The most likely cause is an error in mysql_query(). Have you checked to make sure it worked? Output the value of $result and mysql_error(). You may have misspelled something, selected the wrong database, have a permissions issue, etc. So:
$id = (int)$_GET['id']; // this also sanitizes it
$sql = "SELECT * FROM student WHERE idno = $id";
$result = mysql_query($sql);
if (!$result) {
die("Error running $sql: " . mysql_error());
}
Sanitizing $_GET['id'] is really important.
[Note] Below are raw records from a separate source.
text \<open>By maximality, every \<open>y \<in> K\<close> outside \<open>S\<close> satisfies \<open>1 \<in> P S[y]\<close>, i.e. a relation \<open>p(y) = 1\<close>.\<close>
lemma outside_relation:
  assumes "y \<in> K" "y \<notin> S"
  shows "\<exists>p. (\<forall>i. coeff p i \<in> I) \<and> poly p y = 1"
proof -
  have "1 \<in> submod_prod P (adjoin S y)"
  proof (rule ccontr)
    assume "1 \<notin> submod_prod P (adjoin S y)"
    then have "adjoin S y \<in> avoiding K A P"
      using adjoin_subring[OF S] adjoin_sup[OF S] AS adjoin_in_subfield[OF K SK assms(1)]
      unfolding avoiding_def by blast
    then have "adjoin S y = S" using maximal adjoin_sup[OF S] by blast
    then show False using adjoin_gen[OF S, of y] assms(2) by simp
  qed
  then show ?thesis using adjoin_prod[OF S] by blast
qed

text \<open>\<open>I\<close> lies in the Jacobson radical of \<open>S\<close>: otherwise a relation \<open>p(1/u) = 1\<close> for
  \<open>u = 1 - c\<close> gives \<open>u\<^sup>k \<in> I\<close>, while \<open>u\<^sup>k \<equiv> 1\<close> modulo \<open>I\<close>.\<close>
lemma one_minus_unit:
  assumes c: "c \<in> I" shows "inverse (1 - c) \<in> S"
proof (rule ccontr)
  note Ii = idealD[OF I_ideal]
  define u where "u = 1 - c"
  assume "inverse (1 - c) \<notin> S"
  moreover have uS: "u \<in> S" using c Ii(1) subringD(2,4)[OF S] u_def by blast
  moreover have u0: "u \<noteq> 0" using c I1 u_def by auto
  ultimately obtain p where p: "\<forall>i. coeff p i \<in> I" "poly p (inverse u) = 1"
    using outside_relation[of "inverse u"] subfield_inv[OF K, of u] SK unfolding u_def by blast
  have "poly (reflect_poly p) u = u ^ degree p" using poly_reflect_poly_nz[OF u0, of p] p by simp
  moreover have "poly (reflect_poly p) u \<in> I"
    by (rule poly_in_set) (use Ii(2,3,5) uS p in \<open>auto simp: coeff_reflect_poly\<close>)
  ultimately have uk: "u ^ degree p \<in> I" by simp
  have "u ^ k - 1 \<in> I" for k
  proof (induction k)
    case 0 then show ?case using Ii(2) by simp
  next
    case (Suc k)
    have "u ^ Suc k - 1 = u * (u ^ k - 1) - c" unfolding u_def by (simp add: algebra_simps)
    then show ?case using Suc Ii(4,5) uS c by auto
  qed
  then have "u ^ degree p - (u ^ degree p - 1) \<in> I" using uk Ii(4) by blast
  then show False using I1 by simp
qed

sublocale jacobson_ideal S I
  using S I1 one_minus_unit idealD[OF I_ideal] by unfold_locales auto

lemma valring: "valring K S"
  unfolding valring_def
proof (intro conjI ballI impI)
  fix x assume x: "x \<in> K" "x \<noteq> 0"
  show "x \<in> S \<or> inverse x \<in> S"
  proof (rule ccontr)
    assume "\<not> ?thesis"
    then obtain p q where "\<forall>i. coeff p i \<in> I" "poly p x = 1" "\<forall>i. coeff q i \<in> I" "poly q (inverse x) = 1"
      using outside_relation x subfield_inv[OF K] by meson
    then show False using no_two_sided_relation x by blast
  qed
qed (use S SK in auto)

lemma P_sub_maxv: "P \<subseteq> maxv S"
proof
  fix p assume p: "p \<in> P"
  show "p \<in> maxv S"
  proof (rule ccontr)
    assume "p \<notin> maxv S"
    then have "p \<noteq> 0" "inverse p \<in> S" using notin_maxv PA AS p by auto
    then have "p * inverse p \<in> I" using submod_prod_mult_mem p by blast
    then show False using I1 \<open>p \<noteq> 0\<close> by simp
  qed
qed

end
theorem proposition3p4:
  shows "taylor_spectrum H2 tau1 tau2 = cball 0 1 \<times> cball 0 1
    \<and> (\<forall>l1 l2. cmod l1 < 1 \<and> cmod l2 < 1 \<longrightarrow>
          koszul_breaks_at H2 (shiftop tau1 l1) (shiftop tau2 l2) 2)"
proof
  have "\<not> koszul_exact H2 (shiftop tau1 l1) (shiftop tau2 l2) \<longleftrightarrow> cmod l1 \<le> 1 \<and> cmod l2 \<le> 1"
    for l1 l2
  proof
    assume "\<not> koszul_exact H2 (shiftop tau1 l1) (shiftop tau2 l2)"
    then show "cmod l1 \<le> 1 \<and> cmod l2 \<le> 1"
      using koszul_exact_outside_closed_bidisc[of l1 l2] by (meson not_le)
  next
    assume "cmod l1 \<le> 1 \<and> cmod l2 \<le> 1"
    then have "koszul_breaks_at H2 (shiftop tau1 l1) (shiftop tau2 l2) 2
        \<or> koszul_breaks_at H2 (shiftop tau1 l1) (shiftop tau2 l2) 3"
      using koszul_breaks_at_2_in_open_bidisc koszul_breaks_at_3_on_boundary by force
    then show "\<not> koszul_exact H2 (shiftop tau1 l1) (shiftop tau2 l2)"
      unfolding koszul_exact_def by blast
  qed
  then show "taylor_spectrum H2 tau1 tau2 = cball 0 1 \<times> cball 0 1"
    by (auto simp: taylor_spectrum_def)
  show "\<forall>l1 l2. cmod l1 < 1 \<and> cmod l2 < 1 \<longrightarrow>
      koszul_breaks_at H2 (shiftop tau1 l1) (shiftop tau2 l2) 2"
    using koszul_breaks_at_2_in_open_bidisc by blast
qed

end
lemma integral_four_factor:
  assumes "i < k" "j < k" "i' < k" "j' < k"
  shows "integrable (stdGaussVec k) (\<lambda>u. u j * f (u i) * u j' * f (u i'))"
    and "integral\<^sup>L (stdGaussVec k) (\<lambda>u. u j * f (u i) * u j' * f (u i')) =
       pair_moment (stdGauss_moment f 0 1) (stdGauss_moment f 1 1) (stdGauss_moment f 2 1)
                   (stdGauss_moment f 0 2) (stdGauss_moment f 2 2) i j i' j'"
proof -
  interpret product_sigma_finite "\<lambda>_. stdGauss"
    by (rule product_sigma_finite_stdGauss)
  have int_factor: "integrable stdGauss (\<lambda>x. x ^ count_pair l j j' * f x ^ count_pair l i i')" for l
    by (rule integrable_stdGauss_moment) (simp_all add: count_pair_def)
  have eq: "(\<lambda>u. u j * f (u i) * u j' * f (u i')) =
      (\<lambda>u. \<Prod>l<k. u l ^ count_pair l j j' * f (u l) ^ count_pair l i i')"
    using four_factor_as_product[OF assms] by blast
  show "integrable (stdGaussVec k) (\<lambda>u. u j * f (u i) * u j' * f (u i'))"
    unfolding eq stdGaussVec_def
    by (rule product_integrable_prod[of "{..<k}" "\<lambda>l x. x ^ count_pair l j j' * f x ^ count_pair l i i'", simplified])
       (use int_factor in auto)
  have "integral\<^sup>L (stdGaussVec k) (\<lambda>u. u j * f (u i) * u j' * f (u i')) =
      (\<Prod>l<k. stdGauss_moment f (count_pair l j j') (count_pair l i i'))"
    unfolding eq stdGaussVec_def stdGauss_moment_def
    by (rule product_integral_prod[of "{..<k}" "\<lambda>l x. x ^ count_pair l j j' * f x ^ count_pair l i i'", simplified])
       (use int_factor in auto)
  then show "integral\<^sup>L (stdGaussVec k) (\<lambda>u. u j * f (u i) * u j' * f (u i')) =
       pair_moment (stdGauss_moment f 0 1) (stdGauss_moment f 1 1) (stdGauss_moment f 2 1)
                   (stdGauss_moment f 0 2) (stdGauss_moment f 2 2) i j i' j'"
    using prod_stdGauss_moment_count_pair[OF assms] by simp
qed

lemma integral_stdGaussVec_square:
  fixes P :: "nat \<Rightarrow> nat \<Rightarrow> real"
  shows "integral\<^sup>L (stdGaussVec k) (\<lambda>u. (\<Sum>i<k. (\<Sum>j<k. P j i * u j) * f (u i))\<^sup>2) =
    (\<Sum>i<k. \<Sum>j<k. \<Sum>i'<k. \<Sum>j'<k. P j i * P j' i' *
       pair_moment (stdGauss_moment f 0 1) (stdGauss_moment f 1 1) (stdGauss_moment f 2 1)
                   (stdGauss_moment f 0 2) (stdGauss_moment f 2 2) i j i' j')"
proof -
  have "integrable (stdGaussVec k) (\<lambda>u. P j i * P j' i' * (u j * f (u i) * u j' * f (u i')))"
    if "i < k" "j < k" "i' < k" "j' < k" for i j i' j'
    by (intro integrable_mult_right integral_four_factor that)
  then have "integral\<^sup>L (stdGaussVec k)
      (\<lambda>u. \<Sum>i<k. \<Sum>j<k. \<Sum>i'<k. \<Sum>j'<k. P j i * P j' i' * (u j * f (u i) * u j' * f (u i'))) =
    (\<Sum>i<k. \<Sum>j<k. \<Sum>i'<k. \<Sum>j'<k.
      integral\<^sup>L (stdGaussVec k) (\<lambda>u. P j i * P j' i' * (u j * f (u i) * u j' * f (u i'))))"
    by (subst Bochner_Integration.integral_sum,
        auto intro!: Bochner_Integration.integrable_sum sum.cong)+
  then show ?thesis
    unfolding power2_sum_linear_times_factor by (simp add: integral_four_factor)
qed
You can use mysql_real_escape_string() but casting it to an int is sufficient for integers. Basically you want to avoid SQL injection.
Make sure that your query ran successfully and you got the results. You can check like this:
$result = mysql_query("SELECT * FROM student WHERE IDNO=".$_GET['id']) or die(mysql_error());
if (is_resource($result))
{
// your while loop and fetch array function here....
}
In your database what is the type of "IDNO"? You may need to escape the sql here:
$result = mysql_query("SELECT * FROM student WHERE IDNO=".$_GET['id']);
You are using this :
mysql_fetch_array($result)
To get the error you're getting, it means that $result is not a resource.
In your code, $result is obtained this way :
$result = mysql_query("SELECT * FROM student WHERE IDNO=".$_GET['id']);
If the SQL query fails, $result will not be a resource, but a boolean -- see mysql_query.
I suppose there's an error in your SQL query -- so it fails, mysql_query returns a boolean, and not a resource, and mysql_fetch_array cannot work on that.
You should check if the SQL query returns a result or not :
$result = mysql_query("SELECT * FROM student WHERE IDNO=".$_GET['id']);
if ($result !== false) {
// use $result
} else {
// an error has occured
echo mysql_error();
die; // note : echoing the error message and dying
// is OK while developping, but not in production !
}
With that, you should get a message that indicates the error that occured while executing your query -- this should help figure out what the problem is ;-)
Also, you should escape the data you're putting in your SQL query, to avoid SQL injections !
For example, here, you should make sure that $_GET['id'] contains nothing else than an integer, using something like this :
$result = mysql_query("SELECT * FROM student WHERE IDNO=" . intval($_GET['id']));
Or you should check this before trying to execute the query, to display a nicer error message to the user.